Em 1990, um advogado americano chamado Mike Godwin determinou que “À medida que cresce uma discussão, a probabilidade de surgir uma comparação envolvendo Adolf Hitler ou o nazismo aproxima-se a 1 (100%)”. Isso quer dizer que, segundo a então cunhada “Lei de Godwin”, se uma discussão na internet demorar tempo o suficiente, não importando seu conteúdo ou escopo, alguém ou alguma coisa vai ser comparado a Hitler, cedo ou tarde. Normalmente a lei serve como uma classificação argumentativa que significa a falta de argumentos. Se você foi longe o bastante para comparar algo que você está atacando ao nazismo, você provavelmente está exagerando. Ou seus argumentos acabaram.

O nazismo é, como já falamos em outro artigo, o vilão quintessencial. É uma ideologia tão perfeitamente odiosa que é quase irresistível colocá-la como elemento de vilania numa história.
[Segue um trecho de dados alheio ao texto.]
(* Let $x\in(0,1)$ be irrational, and let $p^E_n/q^E_n$ ($n\ge1$) be the EICF convergents of $1-x$. Put $P_n=q^E_n-p^E_n$ and $Q_n=q^E_n$, so $P_n/Q_n=1-p^E_n/q^E_n$. For every $n\ge1$ such that $P_n$ and $Q_n$ are both odd, $P_n/Q_n$ is a best $1$-rational approximation of $x$, and hence is a principal convergent of the OOCF expansion of $x$.
   Context: Rationals are written $p/q$ with $p\in\mathbb Z$, $q\in\mathbb N$, $\gcd(p,q)=1$; $p/q$ is a $1$-rational if $p,q$ are both odd. For irrational $x$, a $1$-rational $p/q$ is a best $1$-rational approximation of $x$ if $|qx-p|<|bx-a|$ for every $1$-rational $a/b\ne p/q$ with $0<b\le q$. EICF: the map $T_E:[0,1]\to[0,1]$ is $T_E(y)=\frac1y-2k$ for $y\in[\frac1{2k+1},\frac1{2k}]$, $T_E(y)=2k-\frac1y$ for $y\in[\frac1{2k},\frac1{2k-1}]$ ($k\ge1$), $T_E(0)=0$. For irrational $y\in(0,1)$, its EICF digits are $(b_n,\eta_n)=(2k,1)$ if $T_E^{n-1}(y)\in[\frac1{2k+1},\frac1{2k}]$ and $(2k,-1)$ if $T_E^{n-1}(y)\in[\frac1{2k},\frac1{2k-1}]$, and its $n$-th EICF convergent is $p^E_n/q^E_n=\cfrac{1}{b_1+\cfrac{\eta_1}{b_2+\cfrac{\eta_2}{\ddots+\cfrac{\eta_{n-1}}{b_n}}}}$ in lowest terms with $q^E_n>0$. OOCF: digits $D=\{(1,1)\}\cup\{(a,\varepsilon):a\ge2,\ \varepsilon=\pm1\}$; $B(k+1,-1)=[\frac{k-1}{k},\frac{2k-1}{2k+1}]$, $B(k,1)=[\frac{2k-1}{2k+1},\frac{k}{k+1}]$ ($k\ge1$); $T(x)=\frac{kx-(k-1)}{k-(k+1)x}$ on $B(k+1,-1)$, $T(x)=\frac{k-(k+1)x}{kx-(k-1)}$ on $B(k,1)$, $T(1)=1$. The OOCF expansion of irrational $x\in(0,1)$ is the unique sequence $(a_n,\varepsilon_n)\in D$ with $T^{n-1}(x)\in B(a_n,\varepsilon_n)$ for all $n\ge1$; its $n$-th principal convergent is $1-\cfrac{1}{a_1+\cfrac{\varepsilon_1}{2-\cfrac{1}{\ddots\ \cfrac{\varepsilon_{n-1}}{2-\cfrac{1}{a_n+\varepsilon_n/2}}}}}$. *)

theory Defs
  imports Complex_Main
begin

(* Sequences of digits are functions nat => int, indexed from 1 (the value at 0 is irrelevant). *)

(* For y in (0,1] with m = floor(1/y):
   m = 2k    : y in (1/(2k+1), 1/(2k)]   and T_E y = 1/y - 2k = 1/y - m
   m = 2k-1  : y in (1/(2k), 1/(2k-1)]   and T_E y = 2k - 1/y = m + 1 - 1/y
   This agrees with the paper's piecewise definition everywhere (the pieces agree
   at the shared endpoints). *)
definition TE :: "real \<Rightarrow> real" where
  "TE y = (if y = 0 then 0
           else if even \<lfloor>1 / y\<rfloor> then 1 / y - of_int \<lfloor>1 / y\<rfloor>
           else of_int \<lfloor>1 / y\<rfloor> + 1 - 1 / y)"

definition eicf_digit :: "real \<Rightarrow> int \<Rightarrow> int \<Rightarrow> bool" where
  "eicf_digit y bb ee \<longleftrightarrow> (\<exists>k::int. k \<ge> 1 \<and> bb = 2 * k \<and>
      ((ee = 1 \<and> 1 / (2 * k + 1) \<le> y \<and> y \<le> 1 / (2 * k)) \<or>
       (ee = -1 \<and> 1 / (2 * k) \<le> y \<and> y \<le> 1 / (2 * k - 1))))"

definition is_eicf_expansion :: "real \<Rightarrow> (nat \<Rightarrow> int) \<Rightarrow> (nat \<Rightarrow> int) \<Rightarrow> bool" where
  "is_eicf_expansion y b eta \<longleftrightarrow>
     (\<forall>n\<ge>1. eicf_digit ((TE ^^ (n - 1)) y) (b n) (eta n))"

fun eicf_tail :: "(nat \<Rightarrow> int) \<Rightarrow> (nat \<Rightarrow> int) \<Rightarrow> nat \<Rightarrow> nat \<Rightarrow> rat" where
  "eicf_tail b eta 0 i = of_int (b i)"
| "eicf_tail b eta (Suc r) i = of_int (b i) + of_int (eta i) / eicf_tail b eta r (Suc i)"

definition eicf_conv :: "(nat \<Rightarrow> int) \<Rightarrow> (nat \<Rightarrow> int) \<Rightarrow> nat \<Rightarrow> rat" where
  "eicf_conv b eta n = 1 / eicf_tail b eta (n - 1) 1"

definition eicf_pq :: "(nat \<Rightarrow> int) \<Rightarrow> (nat \<Rightarrow> int) \<Rightarrow> nat \<Rightarrow> int \<times> int" where
  "eicf_pq b eta n = quotient_of (eicf_conv b eta n)"

definition one_rational :: "int \<Rightarrow> int \<Rightarrow> bool" where
  "one_rational p q \<longleftrightarrow> q > 0 \<and> coprime p q \<and> odd p \<and> odd q"

definition best_1rat_approx :: "real \<Rightarrow> int \<Rightarrow> int \<Rightarrow> bool" where
  "best_1rat_approx x p q \<longleftrightarrow> one_rational p q \<and>
     (\<forall>a b. one_rational a b \<and> (a, b) \<noteq> (p, q) \<and> b \<le> q \<longrightarrow>
        \<bar>of_int q * x - of_int p\<bar> < \<bar>of_int b * x - of_int a\<bar>)"

definition oocf_D :: "(int \<times> int) set" where
  "oocf_D = {(1, 1)} \<union> {(a, e). a \<ge> 2 \<and> (e = 1 \<or> e = -1)}"

definition oocf_B :: "int \<Rightarrow> int \<Rightarrow> real set" where
  "oocf_B a e = (if e = -1 then (let k = real_of_int (a - 1) in {(k - 1) / k .. (2 * k - 1) / (2 * k + 1)})
                 else (let k = real_of_int a in {(2 * k - 1) / (2 * k + 1) .. k / (k + 1)}))"

(* For x in [0,1), k = floor(1/(1-x)) is the k >= 1 with
   x in [(k-1)/k, k/(k+1)) = B(k+1,-1) \<union> B(k,1); the two formulas agree at the
   common endpoint (2k-1)/(2k+1) (value 1), and at the endpoints k/(k+1) (value 0),
   so this is exactly the paper's T. *)
definition oocf_T :: "real \<Rightarrow> real" where
  "oocf_T x = (if x = 1 then 1
     else (let k = of_int \<lfloor>1 / (1 - x)\<rfloor> in
       if x \<le> (2 * k - 1) / (2 * k + 1) then (k * x - (k - 1)) / (k - (k + 1) * x)
       else (k - (k + 1) * x) / (k * x - (k - 1))))"

definition is_oocf_expansion :: "real \<Rightarrow> (nat \<Rightarrow> int) \<Rightarrow> (nat \<Rightarrow> int) \<Rightarrow> bool" where
  "is_oocf_expansion x a e \<longleftrightarrow>
     (\<forall>n\<ge>1. (a n, e n) \<in> oocf_D \<and> (oocf_T ^^ (n - 1)) x \<in> oocf_B (a n) (e n))"

fun oocf_tail :: "(nat \<Rightarrow> int) \<Rightarrow> (nat \<Rightarrow> int) \<Rightarrow> nat \<Rightarrow> nat \<Rightarrow> real" where
  "oocf_tail a e 0 i = of_int (a i) + of_int (e i) / 2"
| "oocf_tail a e (Suc r) i = of_int (a i) + of_int (e i) / (2 - 1 / oocf_tail a e r (Suc i))"

definition oocf_conv :: "(nat \<Rightarrow> int) \<Rightarrow> (nat \<Rightarrow> int) \<Rightarrow> nat \<Rightarrow> real" where
  "oocf_conv a e n = 1 - 1 / oocf_tail a e (n - 1) 1"

end

theory Submission
  imports Defs
begin

text \<open>Put \<open>y = 1 - x\<close> and let \<open>p'/q'\<close>, \<open>p/q\<close> be consecutive EICF convergents of \<open>y\<close>.
  Then \<open>p' q - p q' = \<plusminus>1\<close> and \<open>q y - p = -\<eta> u (q' y - p')\<close> with \<open>0 < u < 1\<close>.
  A 1-rational \<open>a/b\<close> with \<open>b \<le> q\<close> gives the pair \<open>(b - a, b)\<close> with \<open>b - a\<close> even; when \<open>p\<close> is
  even its coordinates \<open>(s, t)\<close> in the basis \<open>(p, q), (p', q')\<close> have \<open>s\<close> odd and \<open>t\<close> even, and a sign
  analysis gives \<open>|t - \<eta> s u| > u\<close>, i.e. \<open>a/b\<close> approximates \<open>x\<close> worse than \<open>(q - p)/q\<close>.

  For the OOCF, \<open>x\<close> is the image of \<open>T\<^sup>m x\<close> under a Moebius map whose value at \<open>1\<close> is the
  principal convergent \<open>R\<^sub>m/S\<^sub>m\<close>.  These are 1-rationals with increasing denominators, and
  two consecutive ones span a lattice of index 2 containing every pair of odd integers.  A similar sign
  analysis shows that no 1-rational with denominator below \<open>S\<^sub>m\<^sub>+\<^sub>1\<close> approximates \<open>x\<close>
  better than \<open>R\<^sub>m/S\<^sub>m\<close>; so a best 1-rational approximation with denominator \<open>q\<close>, where
  \<open>S\<^sub>m \<le> q < S\<^sub>m\<^sub>+\<^sub>1\<close>, must be \<open>R\<^sub>m/S\<^sub>m\<close>.\<close>

lemma linear_frac_subst:
  fixes M :: "'a::field"
  assumes "M \<noteq> 0"
  shows "(P * (N / M) + Q) / (R * (N / M) + S) = (P * N + Q * M) / (R * N + S * M)"
proof -
  have "P * (N / M) + Q = (P * N + Q * M) / M" and "R * (N / M) + S = (R * N + S * M) / M"
    using assms by (simp_all add: field_simps)
  then show ?thesis
    using assms by simp
qed

lemma quotient_of_int_divide:
  assumes "Q > 0" and "coprime P Q"
  shows "quotient_of (of_int P / of_int Q) = (P, Q)"
  unfolding quotient_of_def
  by (rule the1_equality[OF quotient_of_unique]) (use assms in \<open>simp add: Fract_of_int_quotient\<close>)

lemma coprime_if_det_unit:
  fixes A B C D :: int
  assumes "A * D - B * C = 1 \<or> A * D - B * C = -1"
  shows "coprime A C"
proof (rule coprimeI)
  fix c
  assume "c dvd A" and "c dvd C"
  then have "c dvd A * D - B * C"
    by simp
  then show "is_unit c"
    using assms by auto
qed

lemma unimodular_coords:
  fixes A B C D c d :: int
  assumes "A * D - B * C = 1 \<or> A * D - B * C = -1"
  obtains s t where "c = s * A + t * B" and "d = s * C + t * D"
proof -
  define \<delta> where "\<delta> = A * D - B * C"
  have "\<delta> * \<delta> = 1"
    using assms unfolding \<delta>_def by auto
  then have "c = (\<delta> * (c * D - B * d)) * A + (\<delta> * (A * d - c * C)) * B"
    and "d = (\<delta> * (c * D - B * d)) * C + (\<delta> * (A * d - c * C)) * D"
    unfolding \<delta>_def by algebra+
  then show ?thesis
    by (rule that)
qed

lemma index_2_coords:
  fixes r s r' s' a b :: int
  assumes det: "r * s' - s * r' = 2 \<or> r * s' - s * r' = -2"
    and odd: "odd r" "odd s" "odd r'" "odd s'" "odd a" "odd b"
  obtains \<sigma> \<rho> where "a = \<sigma> * r + \<rho> * r'" and "b = \<sigma> * s + \<rho> * s'" and "odd (\<sigma> + \<rho>)"
proof -
  define d where "d = (r * s' - s * r') div 2"
  have det_d: "r * s' - s * r' = 2 * d" and "d * d = 1"
    using det unfolding d_def by auto
  have "even (a * s' - b * r')" "even (b * r - a * s)"
    using odd by simp_all
  then obtain \<sigma>' \<rho>' where \<sigma>': "a * s' - b * r' = 2 * \<sigma>'" and \<rho>': "b * r - a * s = 2 * \<rho>'"
    by (metis evenE)
  have "2 * (\<sigma>' * r + \<rho>' * r') = a * (r * s' - s * r')" and "2 * (\<sigma>' * s + \<rho>' * s') = b * (r * s' - s * r')"
    using \<sigma>' \<rho>' by algebra+
  then have "\<sigma>' * r + \<rho>' * r' = a * d" and "\<sigma>' * s + \<rho>' * s' = b * d"
    unfolding det_d by simp_all
  then have a: "a = (d * \<sigma>') * r + (d * \<rho>') * r'" and b: "b = (d * \<sigma>') * s + (d * \<rho>') * s'"
    using \<open>d * d = 1\<close> by (metis (no_types, lifting) distrib_left mult.assoc mult.commute mult_1)+
  have "odd (d * \<sigma>' + d * \<rho>')"
  proof
    assume "even (d * \<sigma>' + d * \<rho>')"
    then have "even ((d * \<sigma>') * r + (d * \<rho>') * r')"
      using odd by (metis even_add even_mult_iff)
    then show False
      using a odd by simp
  qed
  with a b show ?thesis
    by (rule that)
qed

lemma opposite_signs:
  fixes x y u v :: int
  assumes "0 < u" "0 < v" and "0 < x * u + y * v" "x * u + y * v < u + v" and "x \<noteq> 0" "y \<noteq> 0"
  shows "x > 0 \<and> y < 0 \<or> x < 0 \<and> y > 0"
proof -
  have "\<not> (x > 0 \<and> y > 0)"
  proof
    assume "x > 0 \<and> y > 0"
    then have "x * u \<ge> u" "y * v \<ge> v"
      using assms(1,2) by simp_all
    then show False
      using assms(4) by linarith
  qed
  moreover have "\<not> (x < 0 \<and> y < 0)"
  proof
    assume "x < 0 \<and> y < 0"
    then have "x * u < 0" "y * v < 0"
      using assms(1,2) by (auto simp: mult_neg_pos)
    then show False
      using assms(3) by linarith
  qed
  ultimately show ?thesis
    using assms(5,6) by linarith
qed

definition moebius :: "int \<Rightarrow> int \<Rightarrow> int \<Rightarrow> int \<Rightarrow> real \<Rightarrow> real" where
  "moebius A B C D u = (of_int A * u + of_int B) / (of_int C * u + of_int D)"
O totalitarismo, o ódio racial, a megalomania. Hitler foi uma das personalidades mais importantes e mais influentes do século XX, e a cultura mundial nunca vai se recuperar dos efeitos de seu governo. A cultura popular, é claro, vai reler tudo sobre o líder do nazismo, esmiuçar tudo o que é possível, passando pela humanização, pela troca de pontos de vista e, é claro, a sátira.

Depois de Mel Brooks, comediante judeu que ainda nos anos 60 lançou Os Produtores (musical que contava com a canção estilo Broadway “Primavera para Hitler”), um filme foi lançado em 2015 por outro pessoal que também tem um pouco de autoridade para falar do líder do terceiro reich, num filme que mistura sátira com comentário político para criar um tipo novo de pesadelo velho.

O filme é Er Ist Wieder Da, em alemão, é Ele Está De Volta, dirigido por David Wnendt, baseado no best-seller de Timur Vermes. A premissa é absurda e não perde tempo nenhum tentando explicar-se: na Berlin dos dias de hoje, um homem acorda atordoado no meio de uma rua. É Adolf Hitler em pessoa (interpretado por Oliver Masucci), e ele não lembra de nada do que teria acontecido depois dos últimos dias de abril de 1945. Levanta e olha em volta, e o que enxerga deixa-o perplexo e enfurecido. A Alemanha está transformada e está muito longe do que ele queria que fosse. Ao mesmo tempo, o produtor de TV Fabian Sawatzki (papel de Fabian Busch), está desesperado à procura de uma ideia nova para um programa. Ao encontrar com o que parece ser um ator interpretando Hitler 24 horas por dia, sua busca acaba. Cria um reality show cômico que segue um “Hitler” nos dias de hoje. A ideia é aprovada por seus superiores (desde que não se faça nenhuma “piada” com judeus), e lá vão eles, Alemanha afora, colocando gente real para conversar com o Hitler. O ex-chanceler e atual “ator de rua” percebe que o povo alemão o vê como um palhaço. E, entendendo perfeitamente o papel, dá corda para uma armadilha de carisma e ideias políticas mais extremas. Sua popularidade aumenta e seus ideais são bem recebidos, aos poucos, por muita gente.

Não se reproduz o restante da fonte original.